Published March 3, 2026

by Scarlett Attensil

Newer features are available with AgentControl

This tutorial was published in early March 2026, before LaunchDarkly shipped offline evaluations and prompt snippets. The custom-judge proxy pattern still works, but for new builds you may also want to use:

Offline evaluations and Datasets: Run the same custom judges as regression tests in CI against a saved reference set of prompts, without the proxy server
Prompt snippets: Reuse common judge-prompt fragments (rubric language, output schema) across the three judges in this tutorial

To learn more, read AgentControl.

Which AI model writes the best code for your codebase? Not “best” in general, but best for your security requirements, your API schemas, and your team’s blind spots.

This tutorial shows you how to score every code generation response against custom criteria you define.
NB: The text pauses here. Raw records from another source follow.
lemma presilting_cancel_unit_entry:
  assumes P: "presilting sX actA UNIV (a0, b0) (a1, b1) d"
    and i0: "i0 < a0" and j0: "j0 < a1" and unit: "fst d i0 j0 \<notin> J"
  shows "\<exists>d'. presilting sX actA UNIV (a0 - 1, b0) (a1 - 1, b1) d'"
proof -
  obtain v where "v * fst d i0 j0 = 1" "fst d i0 j0 * v = 1"
    using invertible_if_not_in_jacobson[OF unit] by blast
  obtain d1 where P1: "presilting sX actA UNIV (a0, b0) (a1, b1) d1"
    and col_A: "\<forall>i<a0. i \<noteq> i0 \<longrightarrow> fst d1 i j0 = 0" and "fst d1 i0 j0 * v = 1"
    using presilting_clear_column_A[OF P i0 \<open>v * fst d i0 j0 = 1\<close>] \<open>fst d i0 j0 * v = 1\<close> by auto
  then obtain d2 where "presilting sX actA UNIV (a0, b0) (a1, b1) d2"
    "\<forall>j<a1. j \<noteq> j0 \<longrightarrow> fst d2 i0 j = 0" "\<forall>j<b1. fst (snd d2) i0 j = 0"
    "\<forall>i<a0. i \<noteq> i0 \<longrightarrow> fst d2 i j0 = 0"
    using presilting_clear_row_A[OF P1 j0] by blast
  then show ?thesis using presilting_drop_A i0 j0 by blast
qed

lemma presilting_clear_column_k:
  assumes P: "presilting sX actA UNIV (a0, b0) (a1, b1) d"
    and i0: "i0 < b0" and c: "snd (snd d) i0 j0 \<noteq> 0"
  shows "\<exists>d'. presilting sX actA UNIV (a0, b0) (a1, b1) d' \<and>
    (\<forall>i<b0. i \<noteq> i0 \<longrightarrow> snd (snd d') i j0 = 0) \<and> (\<forall>i<a0. fst (snd d') i j0 = 0) \<and>
    (\<forall>j. snd (snd d') i0 j = snd (snd d) i0 j)"
proof -
  define c where "c = snd (snd d) i0 j0"
  define N :: "('a,'x,'k) tmor" where "N = ((\<lambda>i l. 0),
      (\<lambda>i l. if l = i0 then - actA (\<iota> (1 / c)) (fst (snd d) i j0) else 0),
      (\<lambda>i l. if l = i0 \<and> i \<noteq> i0 then - (snd (snd d) i j0 / c) else 0))"
  have "mor_eq (a0, b0) (a0, b0) (cmp (a0, b0) N N) mor_zero"
    unfolding mor_eq_def cmp_A cmp_X cmp_k N_def mor_zero_def by (auto simp: \<iota>_zero intro!: sum.neutral)
  then have "presilting sX actA UNIV (a0, b0) (a1, b1) (cmp (a0, b0) (mor_add mor_id N) d)"
    by (rule presilting_unipotent_comp[OF P])
  moreover have "snd (snd (cmp (a0, b0) (mor_add mor_id N) d)) i j =
      snd (snd d) i j + (if i \<noteq> i0 then - (snd (snd d) i j0 / c) * snd (snd d) i0 j else 0)"
    if "i < b0" for i j
    unfolding cmp_k mor_add_def mor_id_def N_def using that i0
    by (simp add: distrib_right elementary_op_simps cong: if_cong)
  moreover have "fst (snd (cmp (a0, b0) (mor_add mor_id N) d)) i j =
      fst (snd d) i j + actA (\<iota> (snd (snd d) i0 j)) (- actA (\<iota> (1 / c)) (fst (snd d) i j0))"
    if "i < a0" for i j
    unfolding cmp_X mor_add_def mor_id_def N_def using that i0
    by (simp add: act_add_left act_add_right elementary_op_simps cong: if_cong)
  ultimately show ?thesis using i0 c
    by (intro exI[of _ "cmp (a0, b0) (mor_add mor_id N) d"])
      (simp add: c_def act_uminus_right act_\<iota>_\<iota> \<iota>_one act_one)
qed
You’ll set up custom judges that check for the vulnerabilities you actually care about, validate against your real API conventions, and flag the scope creep patterns your team keeps running into. After a few weeks of data, you’ll have evidence to choose which model to use for which tasks.

What you will build

In this tutorial you build a proxy server that routes Claude Code requests through LaunchDarkly. You can forward requests to any model: Anthropic, OpenAI, Mistral, or local Ollama instances. Every response gets scored by custom judges you create.
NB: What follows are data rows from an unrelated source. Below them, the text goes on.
lemma hop_dist_le_enat_iff:
  assumes X: "rs_obj X" and y: "y \<in> rcarrier X"
  shows "hop_dist X x y \<le> enat n \<longleftrightarrow> rs_chain X n x y"
proof
  assume le: "hop_dist X x y \<le> enat n"
  then have ex: "\<exists>k. rs_chain X k x y" unfolding hop_dist_def by (auto split: if_splits)
  with le have "(LEAST k. rs_chain X k x y) \<le> n" unfolding hop_dist_def by simp
  moreover have "rs_chain X (LEAST k. rs_chain X k x y) x y" using ex by (rule LeastI_ex)
  ultimately show "rs_chain X n x y" using rs_chain_pad[OF X y] by blast
next
  assume "rs_chain X n x y"
  then show "hop_dist X x y \<le> enat n" unfolding hop_dist_def by (auto intro: Least_le)
qed

lemma hop_dist_refl: "hop_dist X x x = 0"
proof -
  have "(LEAST k. rs_chain X k x x) = 0" using rs_chain_refl by (intro Least_equality) auto
  then show ?thesis unfolding hop_dist_def using rs_chain_refl[of X x] by (auto simp: zero_enat_def)
qed

lemma hop_dist_sym:
  assumes X: "rs_obj X" and "x \<in> rcarrier X" and "y \<in> rcarrier X"
  shows "hop_dist X x y = hop_dist X y x"
  using assms hop_dist_le_enat_iff[OF X] rs_chain_sym[OF X] by (intro enat_eqI) blast

lemma hop_dist_triangle:
  assumes X: "rs_obj X" and y: "y \<in> rcarrier X" and z: "z \<in> rcarrier X"
  shows "hop_dist X x z \<le> hop_dist X x y + hop_dist X y z"
proof (cases "hop_dist X x y" "hop_dist X y z" rule: enat2_cases)
  case (enat_enat a b)
  then have "rs_chain X a x y" and "rs_chain X b y z"
    using hop_dist_le_enat_iff[OF X y, of x a] hop_dist_le_enat_iff[OF X z, of y b] by simp_all
  then have "rs_chain X (a + b) x z"
    by (rule rs_chain_trans)
  then show ?thesis
    using enat_enat hop_dist_le_enat_iff[OF X z, of x "a + b"] by simp
qed simp_all
lemma has_degree_R_except:
  assumes "has_degree G k f e" and "\<And>\<alpha> d a. a \<in> G d \<Longrightarrow> R \<alpha> a \<in> G d"
  shows "has_degree G k (\<lambda>as. f (R_except R r \<alpha>s as k)) e"
  unfolding has_degree_def
proof (intro allI impI)
  fix ds as
  assume "length ds = k" and "length as = k" and "\<forall>j<k. as ! j \<in> G (ds ! j)"
  then show "f (R_except R r \<alpha>s as k) \<in> G (sum_list ds + e)"
    using assms(1) R_except_in_grading[of G R] assms(2) by (simp add: has_degree_def)
qed

lemma block_R_except_inside:
  assumes "length \<alpha>s = N" and "length as = N" and "i - 1 + n \<le> N"
    and "1 \<le> i" and "i \<le> r" and "r < i + n"
  shows "block i n (R_except R r \<alpha>s as N) = R_except R (r - i + 1) (block i n \<alpha>s) (block i n as) n"
proof -
  have "block i n ((map R \<alpha>s)[r - 1 := id]) = (map R (block i n \<alpha>s))[r - i := id]"
    using assms(4-6) by (simp add: block_list_update_inside block_map)
  then show ?thesis
    using assms(1-3) by (simp add: R_except_conv_map2 length_block block_map2)
qed

lemma ins_block_R_except_inside:
  assumes "length \<alpha>s = N" and "length as = N" and "i - 1 + n \<le> N"
    and "1 \<le> i" and "i \<le> r" and "r < i + n"
  shows "ins_block i n (R_except R r \<alpha>s as N) x =
    R_except R i (ins_block i n \<alpha>s S) (ins_block i n as x) (N + 1 - n)"
proof -
  have "ins_block i n ((map R \<alpha>s)[r - 1 := id]) id = ins_block i n (map R \<alpha>s) id"
    using assms(4-6) by (simp add: ins_block_list_update_inside)
  also have "\<dots> = (ins_block i n (map R \<alpha>s) (R S))[i - 1 := id]"
    using assms(1,3) ins_block_update_centre[of i "map R \<alpha>s"] by simp
  also have "\<dots> = (map R (ins_block i n \<alpha>s S))[i - 1 := id]"
    by (simp add: ins_block_map)
  finally have ops:
    "ins_block i n ((map R \<alpha>s)[r - 1 := id]) id = (map R (ins_block i n \<alpha>s S))[i - 1 := id]" .
  have "ins_block i n (R_except R r \<alpha>s as N) x =
      map2 (\<lambda>f x. f x) (ins_block i n ((map R \<alpha>s)[r - 1 := id]) id) (ins_block i n as x)"
    using assms(1,2) ins_block_map2[where h = "\<lambda>f x. f x" and x = id and y = x]
    by (simp add: R_except_conv_map2)
  also have "\<dots> = map2 (\<lambda>f x. f x) ((map R (ins_block i n \<alpha>s S))[i - 1 := id]) (ins_block i n as x)"
    unfolding ops ..
  also have "\<dots> = R_except R i (ins_block i n \<alpha>s S) (ins_block i n as x) (N + 1 - n)"
    using assms(1-3) by (simp add: R_except_conv_map2 length_ins_block)
  finally show ?thesis .
qed

lemma block_R_except_outside:
  assumes "length \<alpha>s = N" and "length as = N" and "i - 1 + n \<le> N"
    and "1 \<le> i" and "1 \<le> r" and "r < i \<or> i + n \<le> r"
  shows "block i n (R_except R r \<alpha>s as N) = map2 (\<lambda>f x. f x) (map R (block i n \<alpha>s)) (block i n as)"
proof -
  have "r - 1 < i - 1 \<or> i - 1 + n \<le> r - 1"
    using assms(4-6) by linarith
  then have "block i n ((map R \<alpha>s)[r - 1 := id]) = map R (block i n \<alpha>s)"
    by (simp only: block_list_update_outside block_map)
  then show ?thesis
    using assms(1,2) by (simp add: R_except_conv_map2 block_map2)
qed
You will build three judges:

Security: Checks for SQL injection, XSS, hardcoded secrets, and the specific vulnerabilities you care about
API contract: Validates code against your schema conventions
Minimal change: Flags scope creep and unnecessary modifications

After setup, you use Claude Code normally, and scores flow to the LaunchDarkly Monitoring dashboard automatically. Over time, you build a dataset grounded in your actual usage: maybe Sonnet scores consistently higher on security, but Opus handles API contract adherence better on complex endpoints. That’s the kind of answer a generic benchmark can’t give you.

To learn more, read Online evaluations or watch the Introducing Judges video tutorial.

Prerequisites

LaunchDarkly account with AgentControl enabled
Python 3.9+
LaunchDarkly Python AI SDK v0.14.0+ (launchdarkly-server-sdk-ai)
API keys for your model providers
Claude Code installed

How the proxy works

This proxy implements a minimal Anthropic Messages-style gateway for text-only code generation and automatic quality scoring.

When Claude Code sends a request to POST /v1/messages, the proxy:

Extracts text-only prompts. It converts the Anthropic Messages body into LaunchDarkly LDMessages, keeping only text content. It ignores tool blocks, images, and other non-text content.
Routes the request through AgentControl. The proxy creates a context with a selectedModel attribute. Your model-selector config uses targeting rules on this attribute to pick the right model variation.
Invokes the model and triggers judges. The proxy calls chat.invoke(). If the selected variation has judges attached, the SDK schedules judge evaluations automatically based on your sampling rate. Scores flow to LaunchDarkly Monitoring.
Returns a standard Messages response. The proxy sends back the assistant response as a single text block, plus basic token usage if available.

Claude Code talks to a local /v1/messages endpoint. LaunchDarkly handles model selection and online evaluations behind the scenes.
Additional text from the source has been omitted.